WHAT THE EXERCISE ASKS :: Set down each line of the data below exactly.

=== DATA ===

lemma mle_residual_le_noise:
  fixes w :: "nat \<Rightarrow> real"
  assumes mle: "is_ML_est U s2 k N est" and v: "0 < noise_var s2 k N" and x: "x \<in> Xset U k N"
  defines "z \<equiv> est (\<lambda>i. x i + w i)"
  shows "z \<in> Xset U k N" and "sqnorm N (\<lambda>n. x n + w n - z n) \<le> sqnorm N w"
proof -
  from mle x show "z \<in> Xset U k N"
    by (simp add: is_ML_est_def z_def)
  from mle x have "lik (noise_var s2 k N) N (\<lambda>i. x i + w i) x
      \<le> lik (noise_var s2 k N) N (\<lambda>i. x i + w i) z"
    by (simp add: is_ML_est_def z_def)
  then show "sqnorm N (\<lambda>n. x n + w n - z n) \<le> sqnorm N w"
    by (simp add: lik_le_iff_sqnorm_ge[OF v])
qed

lemma mse_le_tail_expectations:
  fixes C t r s2 :: real and k N :: nat
  defines "v \<equiv> noise_var s2 k N"
  assumes v: "0 < v" "2 * v < 1" and C: "0 \<le> C"
    and mle: "is_ML_est U s2 k N est"
    and distortion: "\<And>x z w. x \<in> Xset U k N \<Longrightarrow> z \<in> Xset U k N \<Longrightarrow>
      sqnorm N (\<lambda>n. x n + w n - z n) \<le> sqnorm N w \<Longrightarrow>
      sqnorm N (\<lambda>n. x n - z n) \<le> C * (\<Sum>n<N. tail_exp (if x n = 0 then t else r) (w n))"
  shows "mse U s2 k N est \<le> C * (real N * integral\<^sup>L (centered_normal v) (tail_exp t)
    + real k * integral\<^sup>L (centered_normal v) (tail_exp r))"
proof -
  define E where "E \<tau> = integral\<^sup>L (centered_normal v) (tail_exp \<tau>)" for \<tau>
  have E_nonneg: "0 \<le> E \<tau>" for \<tau>
    unfolding E_def by (intro integral_nonneg_AE AE_I2 tail_exp_nonneg)
  have bound_nonneg: "0 \<le> C * (real N * E t + real k * E r)"
    using C E_nonneg by simp
  have per_signal: "(\<integral>w. sqnorm N (\<lambda>n. x n - est (\<lambda>i. x i + w i) n) \<partial>gauss_noise v N)
      \<le> C * (real N * E t + real k * E r)" if x: "x \<in> Xset U k N" for x
  proof -
    define \<tau> where "\<tau> n = (if x n = 0 then t else r)" for n
    have "prob_space (centered_normal v)"
      using v by (simp add: prob_space_normal_density)
    then have tail_sum: "integrable (gauss_noise v N) (\<lambda>w. \<Sum>n<N. tail_exp (\<tau> n) (w n))"
        "(\<integral>w. (\<Sum>n<N. tail_exp (\<tau> n) (w n)) \<partial>gauss_noise v N) = (\<Sum>n<N. E (\<tau> n))"
      using PiM_integral_sum_components[of "centered_normal v" "{..<N}" "\<lambda>n. tail_exp (\<tau> n)"]
        integrable_tail_exp[OF v] by (simp_all add: gauss_noise_def E_def)
    have "(\<integral>w. sqnorm N (\<lambda>n. x n - est (\<lambda>i. x i + w i) n) \<partial>gauss_noise v N)
        \<le> (\<integral>w. C * (\<Sum>n<N. tail_exp (\<tau> n) (w n)) \<partial>gauss_noise v N)"
      using mle_residual_le_noise[OF mle _ x] v tail_sum(1) C
      by (intro integral_mono')
         (auto simp: \<tau>_def v_def tail_exp_nonneg intro!: distortion[OF x] mult_nonneg_nonneg sum_nonneg)
    also have "\<dots> = C * (\<Sum>n<N. E (\<tau> n))"
      using tail_sum by simp
    also have "(\<Sum>n<N. E (\<tau> n)) \<le> (\<Sum>n<N. E t + (if x n \<noteq> 0 then E r else 0))"
      using E_nonneg by (intro sum_mono) (simp add: \<tau>_def)
    also have "\<dots> = real N * E t + real k * E r"
      using x by (simp add: sum.distrib sum.inter_filter[symmetric] Xset_def supp_def)
    finally show ?thesis
      using C by (simp add: mult_left_mono)
  qed
  show ?thesis
  proof (cases "Xset U k N = {}")
    case False
    have "(\<Sum>x\<in>Xset U k N. \<integral>w. sqnorm N (\<lambda>n. x n - est (\<lambda>i. x i + w i) n) \<partial>gauss_noise v N)
        \<le> real (card (Xset U k N)) * (C * (real N * E t + real k * E r))"
      by (rule sum_bounded_above) (rule per_signal)
    then show ?thesis
      using bound_nonneg by (auto simp: mse_def E_def v_def divide_le_eq mult.commute)
  qed (use bound_nonneg in \<open>simp add: mse_def E_def\<close>)
qed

===

ANSWER TO THE EXERCISE ::
lemma mle_residual_le_noise:
  fixes w :: "nat \<Rightarrow> real"
  assumes mle: "is_ML_est U s2 k N est" and v: "0 < noise_var s2 k N" and x: "x \<in> Xset U k N"
  defines "z \<equiv> est (\<lambda>i. x i + w i)"
  shows "z \<in> Xset U k N" and "sqnorm N (\<lambda>n. x n + w n - z n) \<le> sqnorm N w"
proof -
  from mle x show "z \<in> Xset U k N"
    by (simp add: is_ML_est_def z_def)
  from mle x have "lik (noise_var s2 k N) N (\<lambda>i. x i + w i) x
      \<le> lik (noise_var s2 k N) N (\<lambda>i. x i + w i) z"
    by (simp add: is_ML_est_def z_def)
  then show "sqnorm N (\<lambda>n. x n + w n - z n) \<le> sqnorm N w"
    by (simp add: lik_le_iff_sqnorm_ge[OF v])
qed

lemma mse_le_tail_expectations:
  fixes C t r s2 :: real and k N :: nat
  defines "v \<equiv> noise_var s2 k N"
  assumes v: "0 < v" "2 * v < 1" and C: "0 \<le> C"
    and mle: "is_ML_est U s2 k N est"
    and distortion: "\<And>x z w. x \<in> Xset U k N \<Longrightarrow> z \<in> Xset U k N \<Longrightarrow>
      sqnorm N (\<lambda>n. x n + w n - z n) \<le> sqnorm N w \<Longrightarrow>
      sqnorm N (\<lambda>n. x n - z n) \<le> C * (\<Sum>n<N. tail_exp (if x n = 0 then t else r) (w n))"
  shows "mse U s2 k N est \<le> C * (real N * integral\<^sup>L (centered_normal v) (tail_exp t)
    + real k * integral\<^sup>L (centered_normal v) (tail_exp r))"
proof -
  define E where "E \<tau> = integral\<^sup>L (centered_normal v) (tail_exp \<tau>)" for \<tau>
  have E_nonneg: "0 \<le> E \<tau>" for \<tau>
    unfolding E_def by (intro integral_nonneg_AE AE_I2 tail_exp_nonneg)
  have bound_nonneg: "0 \<le> C * (real N * E t + real k * E r)"
    using C E_nonneg by simp
  have per_signal: "(\<integral>w. sqnorm N (\<lambda>n. x n - est (\<lambda>i. x i + w i) n) \<partial>gauss_noise v N)
      \<le> C * (real N * E t + real k * E r)" if x: "x \<in> Xset U k N" for x
  proof -
    define \<tau> where "\<tau> n = (if x n = 0 then t else r)" for n
    have "prob_space (centered_normal v)"
      using v by (simp add: prob_space_normal_density)
    then have tail_sum: "integrable (gauss_noise v N) (\<lambda>w. \<Sum>n<N. tail_exp (\<tau> n) (w n))"
        "(\<integral>w. (\<Sum>n<N. tail_exp (\<tau> n) (w n)) \<partial>gauss_noise v N) = (\<Sum>n<N. E (\<tau> n))"
      using PiM_integral_sum_components[of "centered_normal v" "{..<N}" "\<lambda>n. tail_exp (\<tau> n)"]
        integrable_tail_exp[OF v] by (simp_all add: gauss_noise_def E_def)
    have "(\<integral>w. sqnorm N (\<lambda>n. x n - est (\<lambda>i. x i + w i) n) \<partial>gauss_noise v N)
        \<le> (\<integral>w. C * (\<Sum>n<N. tail_exp (\<tau> n) (w n)) \<partial>gauss_noise v N)"
      using mle_residual_le_noise[OF mle _ x] v tail_sum(1) C
      by (intro integral_mono')
         (auto simp: \<tau>_def v_def tail_exp_nonneg intro!: distortion[OF x] mult_nonneg_nonneg sum_nonneg)
    also have "\<dots> = C * (\<Sum>n<N. E (\<tau> n))"
      using tail_sum by simp
    also have "(\<Sum>n<N. E (\<tau> n)) \<le> (\<Sum>n<N. E t + (if x n \<noteq> 0 then E r else 0))"
      using E_nonneg by (intro sum_mono) (simp add: \<tau>_def)
    also have "\<dots> = real N * E t + real k * E r"
      using x by (simp add: sum.distrib sum.inter_filter[symmetric] Xset_def supp_def)
    finally show ?thesis
      using C by (simp add: mult_left_mono)
  qed
  show ?thesis
  proof (cases "Xset U k N = {}")
    case False
    have "(\<Sum>x\<in>Xset U k N. \<integral>w. sqnorm N (\<lambda>n. x n - est (\<lambda>i. x i + w i) n) \<partial>gauss_noise v N)
        \<le> real (card (Xset U k N)) * (C * (real N * E t + real k * E r))"
      by (rule sum_bounded_above) (rule per_signal)
    then show ?thesis
      using bound_nonneg by (auto simp: mse_def E_def v_def divide_le_eq mult.commute)
  qed (use bound_nonneg in \<open>simp add: mse_def E_def\<close>)
qed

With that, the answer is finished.